Chapter 22: Principia

"Philosophiae Naturalis Principia Mathematica" (London, 1687)

Published in December 2021

The favorite book of Tim Lork

Tim Lork was a Scholar in Residence at the Iron Library in September 2021. He visited the library specifically to view one book: a first edition of Isaac Newton's epoch-making Principia Mathematica. Here he writes about the book and this exemplar's fascinating provenance in the library of another important physicist: Ernst Mach.

The reader

Tim Lork

...is a research assistant at the University of Wuppertal. His research focuses upon the history of science and of the printing of its books. His current project is a large review of the printing history of Isaac Newton's "Principia" (1687), which is being undertaken in collaboration with the Newton Project, an online scientific edition run from the University of Oxford.

The book in which I would (not) like to play a role…
…is very difficult to decide. Actually, I always recommend any novel by the great Hans Fallada, but whether it would be really desirable to play a role in his almost documentary narratives is pretty questionable to me (often enough the characters constantly fail in the world and in themselves). For that reason, I would prefer to go back to the literature of my youth and play a supporting role in J. R. R. Tolkien's "The Hobbit".

The book, for which I would like to read a sequel...
…is “Philosophical thought experiments. A reading and study book", an anthology published by Reclam and edited by Georg W. Bertram. It is not just an extremely helpful compendium that I like to look into again and again in order to quickly refresh my own knowledge of individual thought experiments. Due to the brief contextualizations and statements of the various commentators, it is also ideally suited as a source of inspiration and a basis for discussion. The concentration of individual thought experiments not only opens up new horizons and perspectives for one's own thinking, but can also bring the fascination of philosophy closer to people who otherwise tend to stay away from it. This is something that cannot be underappreciated as (allowing for pathos) a world with more philosophizing is a better world! It is a very commendable book that urgently needs a supplementary sequel.

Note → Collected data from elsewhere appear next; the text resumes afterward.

theorem lemma2p8:
  fixes S E :: "('i::finite \<Rightarrow> nat) set" and \<alpha> :: "'i \<Rightarrow> nat"
  assumes "good_semigroup S" and "good_ideal S E" and "E \<noteq> S"
    and "Delta S \<alpha> \<noteq> {}" and "Delta S \<alpha> \<subseteq> S - E"
  shows "\<forall>\<beta>\<in>minimal_elems (Delta S \<alpha>). \<forall>\<gamma>\<in>minimal_elems (Delta S \<alpha>).
           \<exists>j\<ge>1. \<beta> \<in> Dlev S (S - E) j \<and> \<gamma> \<in> Dlev S (S - E) j"
proof (intro ballI)
  fix \<beta> \<gamma>
  assume \<beta>: "\<beta> \<in> minimal_elems (Delta S \<alpha>)" and \<gamma>: "\<gamma> \<in> minimal_elems (Delta S \<alpha>)"
  interpret good_pair S E
    using assms(1,2) by unfold_locales (simp_all add: good_semigroup_def good_ideal_def)
  have "G3 E" using assms(2) by (simp add: good_ideal_def)
  moreover have "\<beta> \<in> S - E" using \<beta> assms(5) by (auto simp: minimal_elems_def)
  ultimately obtain n where "\<beta> \<in> remaining S (S - E) n" "\<beta> \<notin> remaining S (S - E) (Suc n)"
    by (rule leaves_remaining)
  moreover have "\<gamma> \<in> remaining S (S - E) m \<longleftrightarrow> \<beta> \<in> remaining S (S - E) m" for m
    using minimal_Delta_remaining_iff[OF assms(5) \<gamma> \<beta>] .
  ultimately have "\<beta> \<in> Dlev S (S - E) (Suc n)" and "\<gamma> \<in> Dlev S (S - E) (Suc n)"
    unfolding Dlev_Suc_iff by blast+
  then show "\<exists>j\<ge>1. \<beta> \<in> Dlev S (S - E) j \<and> \<gamma> \<in> Dlev S (S - E) j"
    by (intro exI[of _ "Suc n"]) simp
qed

end
(* In a finite dynamic game as described in the context, suppose $K^i$ is unilaterally sufficient information for player $i$, and let $g^{-i}$ be a fully mixed behavioral strategy profile of the players other than $i$. For $\tau\in\mathcal{T}$ define $$Q_\tau^i(h_\tau^i,u_\tau^i)=\mathbb{E}^{g^{-i}}[R_\tau^i\mid h_\tau^i,u_\tau^i]+\max_{\tilde g_{\tau+1:T}^i}\mathbb{E}^{\tilde g_{\tau+1:T}^i,g^{-i}}\Big[\sum_{t=\tau+1}^T R_t^i\,\Big|\,h_\tau^i,u_\tau^i\Big],$$ the maximum being over behavioral strategies of player $i$ for times $\tau+1,\dots,T$. Then there exists a function $\hat Q_\tau^i:\mathcal{K}_\tau^i\times\mathcal{U}_\tau^i\to[-T,T]$ such that $Q_\tau^i(h_\tau^i,u_\tau^i)=\hat Q_\tau^i(k_\tau^i,u_\tau^i)$, where $k_\tau^i$ is the compression of $h_\tau^i$.
   Context: Game model: finite set of players $\mathcal{I}$, times $\mathcal{T}=\{1,\dots,T\}$. At time $t$ each player $i$ takes action $U_t^i\in\mathcal{U}_t^i$, obtains reward $R_t^i\in[-1,1]$ and learns new information $Z_t^i\in\mathcal{Z}_t^i$. There is a state $X_t\in\mathcal{X}_t$ with $(X_{t+1},Z_t,R_t)=f_t(X_t,U_t,W_t)$ for fixed functions $f_t$. Primitive random variables $(X_1,H_1)$ and $W_1,\dots,W_T$ are mutually independent with commonly known distributions. All sets are finite. Perfect recall: $H_t^i=(H_1^i,Z_{1:t-1}^i)\in\mathcal{H}_t^i$, and $U_t^i$ is a component of $Z_t^i$. Behavioral strategy $g_t^i:\mathcal{H}_t^i\to\Delta(\mathcal{U}_t^i)$; fully mixed means every action has positive probability at every history. Conditional quantities given $(h_\tau^i,u_\tau^i)$ under $g^{-i}$ alone do not depend on player $i$'s strategy. A realization is admissible under $g$ if it has positive probability under $g$. Compression: $K_1^i=\iota_1^i(H_1^i)$, $K_t^i=\iota_t^i(K_{t-1}^i,Z_{t-1}^i)$ for fixed maps, finite value sets $\mathcal{K}_t^i$. Unilaterally sufficient information (USI): $K^i$ is USI for player $i$ if there exist $F_t^{i,g^i}:\mathcal{K}_t^i\to\Delta(\mathcal{H}_t^i)$ depending only on $g^i$ and $\Phi_t^{i,g^{-i}}:\mathcal{K}_t^i\to\Delta(\mathcal{X}_t\times\mathcal{H}_t^{-i})$ depending only on $g^{-i}$ with $\Pr^g(x_t,h_t\mid k_t^i)=F_t^{i,g^i}(h_t^i\mid k_t^i)\Phi_t^{i,g^{-i}}(x_t,h_t^{-i}\mid k_t^i)$ for all behavioral profiles $g$, all $t$, all $k_t^i$ admissible under $g$ (with $x_t,h_t^i,h_t^{-i}$ ranging independently; the left side is $0$ if they disagree on shared components). *)

theory Defs
  imports "HOL-Probability.Product_PMF"
begin
(* Let $q$ be a prime such that the multiplicative order of $2$ in $(\mathbb{Z}/q\mathbb{Z})^\times$ is congruent to $2 \pmod 4$. Let $n \geq 1$ be an integer, $v = 3q^n$, and $k$ an odd positive integer. Then there are no integers $a_1, \ldots, a_k$ with $1 \leq a_j < v$ such that $\prod_{j=1}^k a_j = \prod_{j=1}^k (v - a_j)$. *)

theory Defs
  imports "HOL-Number_Theory.Number_Theory"
begin

end

theory Submission
  imports Defs
begin

text \<open>
  Write each \<open>a\<^sub>j\<close> and \<open>v - a\<^sub>j\<close> as a power of \<open>q\<close> times a cofactor prime to \<open>q\<close>.
  As the order of 2 modulo \<open>q\<close> is twice an odd number \<open>m\<close>, we have \<open>2\<^sup>m \<equiv> -1 (mod q)\<close>,
  and then every pair of cofactors \<open>a', b'\<close> satisfies \<open>b'\<^sup>m \<equiv> -a'\<^sup>m (mod q)\<close>: either
  \<open>b' \<equiv> -a'\<close>, or \<open>q\<^sup>n\<close> divides \<open>a\<^sub>j\<close> and the cofactors are 1 and 2.
  Comparing \<open>q\<close>-free parts, the product equation gives \<open>\<Prod>a' = \<Prod>b' =: P\<close>, and since \<open>k\<close>
  is odd, \<open>P\<^sup>m \<equiv> -P\<^sup>m (mod q)\<close>; as \<open>q\<close> is odd this forces \<open>q\<close> to divide \<open>P\<close>, a contradiction.
\<close>

lemma ord_half_power_cong_minus_one:
  fixes p a :: nat
  assumes "prime p" and "ord p a \<noteq> 0" and "even (ord p a)"
  shows "[int a ^ (ord p a div 2) = -1] (mod int p)"
proof -
  define m where "m = ord p a div 2"
  have ord_eq: "ord p a = 2 * m" using assms(3) by (simp add: m_def)
  have "[a ^ ord p a = 1] (mod p)" by (rule ord)
  hence "int p dvd int a ^ ord p a - 1"
    by (metis cong_iff_dvd_diff cong_int_iff of_nat_1 of_nat_power)
  also have "int a ^ ord p a - 1 = (int a ^ m - 1) * (int a ^ m + 1)"
    by (simp add: ord_eq power_mult power2_eq_square algebra_simps)
  finally have dvd_product: "int p dvd (int a ^ m - 1) * (int a ^ m + 1)" .
  have "\<not> [a ^ m = 1] (mod p)" using assms(2) by (intro ord_minimal) (auto simp: ord_eq)
  hence "\<not> int p dvd int a ^ m - 1"
    by (metis cong_iff_dvd_diff cong_int_iff of_nat_1 of_nat_power)
  with dvd_product have "int p dvd int a ^ m + 1"
    using assms(1) by (simp add: prime_dvd_mult_iff)
  thus ?thesis by (simp add: m_def cong_iff_dvd_diff)
qed

lemma ord_twice_odd_power_cong_minus_one:
  fixes p a :: nat
  assumes "prime p" and "ord p a mod 4 = 2"
  obtains m where "odd m" and "[int a ^ m = -1] (mod int p)"
proof
  show "odd (ord p a div 2)" using assms(2) by presburger
  show "[int a ^ (ord p a div 2) = -1] (mod int p)"
  proof (rule ord_half_power_cong_minus_one)
    show "ord p a \<noteq> 0" and "even (ord p a)" using assms(2) by presburger+
  qed (rule assms(1))
qed

lemma prime_power_mult_cancel:
  fixes p :: "'a :: factorial_semiring_multiplicative"
  assumes "p ^ i * x = p ^ j * y" and "\<not> p dvd x" and "\<not> p dvd y" and "p \<noteq> 0"
  shows "x = y"
proof -
  have "i = j" using multiplicity_decomposeI[of _ p i x] multiplicity_decomposeI[of _ p j y] assms by metis
  with assms(1,4) show ?thesis by simp
qed

lemma prod_prime_power_cofactors_eq:
  fixes p :: "'a :: factorial_semiring_multiplicative"
  assumes "prime p" and "finite J"
    and "\<And>j. j \<in> J \<Longrightarrow> x j = p ^ U j * A j \<and> \<not> p dvd A j"
    and "\<And>j. j \<in> J \<Longrightarrow> y j = p ^ W j * B j \<and> \<not> p dvd B j"
    and "prod x J = prod y J"
  shows "prod A J = prod B J"
proof (rule prime_power_mult_cancel)
  have "prod x J = prod (\<lambda>j. p ^ U j * A j) J" using assms(3) by (intro prod.cong) auto
  also have "\<dots> = p ^ sum U J * prod A J" by (simp add: power_sum prod.distrib)
  finally have "prod x J = p ^ sum U J * prod A J" .
  moreover have "prod y J = prod (\<lambda>j. p ^ W j * B j) J" using assms(4) by (intro prod.cong) auto
  ultimately show "p ^ sum U J * prod A J = p ^ sum W J * prod B J"
    using assms(5) by (simp add: power_sum prod.distrib)
  show "\<not> p dvd prod A J" "\<not> p dvd prod B J"
    using assms by (auto simp: prime_dvd_prod_iff)
  show "p \<noteq> 0" using assms(1) by auto
qed

lemma odd_power_cong_neg_prod_dvd:
  fixes p :: int
  assumes "prime p" and "p \<noteq> 2" and "odd m" and "odd (card J)"
    and "\<And>j. j \<in> J \<Longrightarrow> [B j ^ m = - (A j ^ m)] (mod p)"
    and "prod A J = prod B J"
  shows "p dvd prod A J"
proof -
  have "[prod B J ^ m = prod (\<lambda>j. - (A j ^ m)) J] (mod p)"
    unfolding prod_power_distrib by (rule cong_prod) (rule assms(5))
  also have "prod (\<lambda>j. - (A j ^ m)) J = - (prod A J ^ m)"
    using assms(4) by (simp add: prod_uminus prod_power_distrib)
  finally have "p dvd 2 * prod A J ^ m"
    using assms(6) by (simp add: cong_iff_dvd_diff)
  moreover have "\<not> p dvd 2" using assms(1,2) primes_dvd_imp_eq[of p 2] by auto
  ultimately show ?thesis using assms(1) by (auto simp: prime_dvd_mult_iff dest: prime_dvd_power)
qed

lemma complement_cofactors_cong:
  fixes q n m :: nat and a :: int
  assumes "prime q" and "q \<noteq> 2" and "odd m" and two_pow: "[2 ^ m = -1] (mod int q)"
    and "1 \<le> a" and "a < 3 * int q ^ n"
  shows "\<exists>u a' w b'. (a = int q ^ u * a' \<and> \<not> int q dvd a') \<and>
           (3 * int q ^ n - a = int q ^ w * b' \<and> \<not> int q dvd b') \<and>
           [b' ^ m = - (a' ^ m)] (mod int q)"
proof -
  have "q \<ge> 3" using assms(1,2) prime_ge_2_nat[of q] by linarith
  hence q_gt_1: "int q > 1" by simp
  obtain u a' where a: "a = int q ^ u * a'" and not_dvd_a': "\<not> int q dvd a'"
  proof (rule multiplicity_decompose')
    show "a \<noteq> 0" "\<not> is_unit (int q)" using assms(5) q_gt_1 by auto
  qed
  have "0 < int q ^ u * a'" using a assms(5) by simp
  hence "a' > 0" by (simp add: zero_less_mult_iff)
  have "u \<le> n"
  proof (rule ccontr)
    assume "\<not> u \<le> n"
    hence "int q ^ Suc n \<le> int q ^ u" using q_gt_1 by (intro power_increasing) auto
    also have "\<dots> \<le> a" using a \<open>a' > 0\<close> q_gt_1 by (simp add: mult_le_cancel_left1)
    finally have "int q * int q ^ n \<le> a" by simp
    moreover have "3 * int q ^ n \<le> int q * int q ^ n" using \<open>q \<ge> 3\<close> by (intro mult_right_mono) auto
    ultimately show False using assms(6) by simp
  qed
  show ?thesis
  proof (cases "u < n")
    case True
    define b' where "b' = 3 * int q ^ (n - u) - a'"
    have q_dvd: "int q dvd 3 * int q ^ (n - u)" using True by simp
    have "3 * int q ^ n - a = int q ^ u * b'"
      using True by (simp add: a b'_def algebra_simps power_add[symmetric])
    moreover have "\<not> int q dvd b'"
      using not_dvd_a' q_dvd by (simp add: b'_def dvd_diff_right_iff)
    moreover have "[b' = - a'] (mod int q)"
      using q_dvd by (simp add: b'_def cong_iff_dvd_diff)
    hence "[b' ^ m = - (a' ^ m)] (mod int q)"
      using \<open>odd m\<close> by (metis cong_pow power_minus_odd)
    ultimately show ?thesis using a not_dvd_a' by blast
  next
    case False
    with \<open>u \<le> n\<close> have "u = n" by simp
    hence "a' < 3" using a assms(6) q_gt_1 by simp
    hence "a' = 1 \<or> a' = 2" using \<open>a' > 0\<close> by auto
    have "\<not> int q dvd 2" using assms(1,2) primes_dvd_imp_eq[of "int q" 2] by auto
    have "3 * int q ^ n - a = int q ^ n * (3 - a')" using a \<open>u = n\<close> by (simp add: algebra_simps)
    moreover have "\<not> int q dvd 3 - a'" and "[(3 - a') ^ m = - (a' ^ m)] (mod int q)"
      using \<open>a' = 1 \<or> a' = 2\<close> \<open>\<not> int q dvd 2\<close> not_dvd_a' two_pow
      by (auto simp: cong_iff_dvd_diff add.commute)
    ultimately show ?thesis using a not_dvd_a' by blast
  qed
qed

theorem corollary4p12:
  fixes q n k :: nat
  assumes "prime q"
    and "ord q 2 mod 4 = 2"
    and "n \<ge> 1"
    and "odd k"
  shows "\<not> (\<exists>a :: nat \<Rightarrow> int.
            (\<forall>j\<in>{1..k}. 1 \<le> a j \<and> a j < 3 * int q ^ n) \<and>
            (\<Prod>j=1..k. a j) = (\<Prod>j=1..k. 3 * int q ^ n - a j))"
proof
  assume "\<exists>a :: nat \<Rightarrow> int.
            (\<forall>j\<in>{1..k}. 1 \<le> a j \<and> a j < 3 * int q ^ n) \<and>
            (\<Prod>j=1..k. a j) = (\<Prod>j=1..k. 3 * int q ^ n - a j)"
  then obtain a :: "nat \<Rightarrow> int" where bounds: "\<forall>j\<in>{1..k}. 1 \<le> a j \<and> a j < 3 * int q ^ n"
    and prod_eq: "(\<Prod>j=1..k. a j) = (\<Prod>j=1..k. 3 * int q ^ n - a j)" by blast
  have "q \<noteq> 2" using assms(2) by (auto simp: ord_eq_0)
  obtain m where "odd m" and two_pow: "[2 ^ m = -1] (mod int q)"
    using ord_twice_odd_power_cong_minus_one[OF assms(1,2)] by auto
  have "\<forall>j\<in>{1..k}. \<exists>u a' w b'. (a j = int q ^ u * a' \<and> \<not> int q dvd a') \<and>
      (3 * int q ^ n - a j = int q ^ w * b' \<and> \<not> int q dvd b') \<and>
      [b' ^ m = - (a' ^ m)] (mod int q)"
    using complement_cofactors_cong[OF assms(1) \<open>q \<noteq> 2\<close> \<open>odd m\<close> two_pow] bounds by blast
  then obtain U A W B where cofactors: "\<forall>j\<in>{1..k}. (a j = int q ^ U j * A j \<and> \<not> int q dvd A j) \<and>
      (3 * int q ^ n - a j = int q ^ W j * B j \<and> \<not> int q dvd B j) \<and>
      [B j ^ m = - (A j ^ m)] (mod int q)"
    by metis
  have "prime (int q)" using assms(1) by simp
  have "prod A {1..k} = prod B {1..k}"
    by (rule prod_prime_power_cofactors_eq[where U = U and W = W, OF \<open>prime (int q)\<close> _ _ _ prod_eq])
       (simp, (use cofactors in blast)+)
  hence "int q dvd prod A {1..k}"
    using odd_power_cong_neg_prod_dvd[OF \<open>prime (int q)\<close> _ \<open>odd m\<close>, of "{1..k}" B A]
      cofactors assms(4) \<open>q \<noteq> 2\<close> by simp
  thus False using cofactors \<open>prime (int q)\<close> by (auto simp: prime_dvd_prod_iff)
qed
end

The books that are currently on my bedside table…

are usually sitting there as admonitions that they should finally be read now! In this sense, there are currently – among others – "Progress and its Problems" and "Science and Values" by Larry Laudan and "Science as Art" by Paul K. Feyerabend.

The book

Isaac Newton: "Philosophiae Naturalis Principia Mathematica..." (London: Streater, 1687)

Isaac Newton's (1643-1727) Principia is one of the most important works in the history of the natural sciences and counts as an unmistaken highpoint of the Scientific Revolution.

In this work, sold with two different title pages (one version has the standard two-line imprint 'Plures Bibliopolas', the other a three-line cancel with 'apud Sam. Smith') Newton brings together the principles of inertia, action and interaction as well as the concept of gravity with the cornerstones of classical mechanics, in a way which still shapes the macroscopic view of nature today. Although the origin of the Principia in the correspondence between Newton and Edmond Halley (1656-1742) – to whom the publication of the work is largely owed – is well documented, the number of copies at that time is unknown. However, recent studies assume that more than 500 copies were printed, of which 350 to 400 are believed to have survived to date.

Due to the central importance of the text for the modern natural sciences, first editions of Newton's Principia are coveted collector's and exhibition items, especially if their provenance is of high relevance to the history of science - and this is exactly the case with the Iron Library copy. It comes from the library of Ernst Mach (1838-1916), who was not only significantly involved in the 'degradation' of classical mechanics to a 'practicable approximation' on the macro level, but who also stamped his Smith copy with his name on the title page and signed it. The special value of the Mach Principia of the Iron Library results from a few underlinings (partly in gray, partly in red and partly in both red and gray) and annotations in relevant places, which in all probability can be attributed to Mach and thus document his handling of the epoch-making work.

For example, a statement is highlighted on page 19, which reproduces the principle of the independence of the relative movements between two bodies within a space from the potential uniform movement of the space itself, is bracketed in red. Mach's research approach, however, suggests itself when a reference to Marin Mersenne (1588-1648) is marked red on page 370, in which Newton discusses his deviating observations on the speed of sound. It then becomes explicit in the critical marginalia when Mach comments on Newton's formulation of his second law of motion (principle of action) with 'tautology' and notes next to the third law of motion, the principle of interaction, that it has 'no systematic role'.

Mach's active handling of his first edition of Principia is therefore a real stroke of luck, which enables an entry into the 'engine room' of scientific and historical text work. It enables an insight into research practice that cannot be found in specifically self-portraying or even official documents, and not nearly with the same clarity. The first edition of Principia in the Iron Library is therefore not only a document of high bibliophile value, but also a valuable historical scientific source. It has become one of the best-documented components of an in-depth book-historical census for the first edition of Principia, and one from which I have learned a lot for my work with material historical sources.